When using %define parse.assert, the variants come with additional variables
that are useful for development purposes. One is a Boolean indicating if the
variant is built (to make sure we don't read a non-built variant), and the
other is a string describing the stored type. There is no need to have both of
these, the string is enough.
* data/variant.hh (built): Remove.
Recently, there was a slightly vicious bug hidden in the make_ functions:
parser::symbol_type
parser::make_TEXT (const ::std::string& v)
{
return symbol_type (token::TOK_TEXT, v);
}
The constructor for symbol_type doesn't take an ::std::string& as
argument, but a constant variant. However, because there is a variant
constructor which takes an ::std::string&, this caused the implicit
construction of a built variant. Considering that the variant argument
for the symbol_type constructor was cv-qualified, this temporary variant
was never destroyed.
As a temporary solution, the symbol was built in two stages:
symbol_type res (token::TOK_TEXT);
res.value.build< ::std::string&> (v);
return res;
However, the solution introduced in this patch contributes to letting
the symbols handle themselves, by supplying them with constructors that
take a non-variant value and build the symbol's own variant with that
value.
* data/variant.hh (b4_symbol_constructor_define_): Use the new
constructors rather than building in a temporary symbol.

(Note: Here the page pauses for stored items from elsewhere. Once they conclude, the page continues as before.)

(* Let $I_n$ denote the number of inversion sequences of length $n$ avoiding all of the patterns $100,110,120,201,210$ (with $I_0=1$). Let $X=X(z)=1+2z+5z^2+17z^3+\cdots$ be the unique formal power series in $z$ satisfying $1-X+z-zX+2zX^2-z^2X^3=0$. Then $$\sum_{n\ge0}I_nz^n=\frac{(1+z)(X-1)-z(1-z)X^2}{z(1+z)X}.$$
   Context: An inversion sequence of length $n$ is an integer sequence $(a_1,\dots,a_n)$ with $0\le a_i<i$ for all $i$. A pattern is a sequence $\sigma$ of non-negative integers containing every value from $0$ to $\max(\sigma)$; the reduction of a sequence replaces its smallest values by $0$, the next smallest by $1$, etc. A sequence $a$ contains $\sigma$ if some (not necessarily consecutive) subsequence of $a$ has reduction $\sigma$; otherwise $a$ avoids $\sigma$. Equivalently, these are the inversion sequences with no $i<j<k$ such that $a_i>a_k$. *)

theory Defs
  imports Main "HOL-Library.Sublist" "HOL-Computational_Algebra.Formal_Power_Series"
begin

text \<open>Inversion sequence of length n, stored 0-indexed: entry a!i (the paper's a_{i+1})
  satisfies 0 \<le> a!i < i+1.\<close>
definition inv_seq :: "nat \<Rightarrow> nat list \<Rightarrow> bool" where
  "inv_seq n a \<longleftrightarrow> length a = n \<and> (\<forall>i<n. a ! i < Suc i)"

definition reduction :: "nat list \<Rightarrow> nat list" where
  "reduction xs = map (\<lambda>x. card {y \<in> set xs. y < x}) xs"

definition contains_pattern :: "nat list \<Rightarrow> nat list \<Rightarrow> bool" where
  "contains_pattern a \<sigma> \<longleftrightarrow> (\<exists>s. subseq s a \<and> reduction s = \<sigma>)"

definition avoids :: "nat list \<Rightarrow> nat list \<Rightarrow> bool" where
  "avoids a \<sigma> \<longleftrightarrow> \<not> contains_pattern a \<sigma>"

definition I_count :: "nat \<Rightarrow> nat" where
  "I_count n = card {a. inv_seq n a \<and>
     (\<forall>\<sigma>\<in>{[1,0,0],[1,1,0],[1,2,0],[2,0,1],[2,1,0]}. avoids a \<sigma>)}"

definition X_eq :: "rat fps \<Rightarrow> bool" where
  "X_eq X \<longleftrightarrow> 1 - X + fps_X - fps_X * X + 2 * fps_X * X^2 - fps_X^2 * X^3 = 0"

end

(*
  An inversion sequence avoids 100, 110, 120, 201 and 210 iff it has no entries a_i > a_k
  with i < j < k, so a prefix p extends by c iff c bounds every entry of p except the last.
  Hence the number of avoiders of length n with maximum M before the last entry and last
  entry b obeys a linear recurrence in n.  With C = zX, W = 1/(1 - C) and
  A = (1 - C)/(1 - C - z), these numbers are single coefficients of A C^k and z A W C^k:
  the recurrence reduces to the telescoping of W = 1 + W C and, once, to the cubic for X in
  the form C = z W + z^2 W^2.  Summing gives I_n = [z^n] A, and A is the stated expression
  in X.  That X exists and is unique is Banach's fixed point theorem for the z-adic metric.
*)
theory Submission
  imports Defs "HOL-Analysis.Elementary_Metric_Spaces"
begin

(b4_basic_symbol_constructor_declare,
b4_basic_symbol_constructor_define): New macros generating the
constructors.
* data/c++.m4 (basic_symbol): Invoke the macros here.
Now that symbols behaves properly, we can eliminate special routines
that are no longer needed.
* data/c++.m4, data/glr.cc, data/lalr1.cc, data/variant.hh:
Remove useless assignment operators and copy constructors.
As a consequence, remove useless includes for "abort".
The current approach was too adhoc: the symbols were not sufficiently
self-contained, in particular wrt memory management. The "new"
guideline is the one that should have been followed from the start:
let the symbols handle themslves, instead of leaving their users to
it. It was justified by the will to avoid gratuitious moves and
copies, but the current approach does not seem to be slower, yet it
will probably be simpler to adjust to support move semantics from
C++11.
The documentation says that the %parse-param are available from the
%destructor. In retrospect, that was a silly design decision, which
we can break for variants, as its a new feature. It should be phased
out for non-variants too.
* data/variant.hh: A variant never knows if it stores something or
not, it is up to its users to store this information.
Yet, in parse.assert mode, make sure the empty/filled variants
are properly used.
(b4_symbol_constructor_define_): Don't call directly the symbol
constructor, to save a useless temporary.
* data/stack.hh (push): Steal the pushed value instead of duplicating
it.
This will simplify the callers of push, who handled this "move"
approach themselves.
* data/c++.m4 (basic_symbol): Let -1, as kind, denote the fact that
a symbol is empty.
This is needed for instance when shifting the lookahead: yyla
is given as argument to "push", and its value is then moved on
the stack. But then yyla must be declared "empty" so that its
destructor won't be called.
(basic_symbol::move): New.
Move the responsibility of calling the destructor from yy_destroy
to ~basic_symbol in the case of variants.
* data/lalr1.cc (stack_symbol_type): Now a derived class from its
previous value, so that we can add a constructor from a symbol_type.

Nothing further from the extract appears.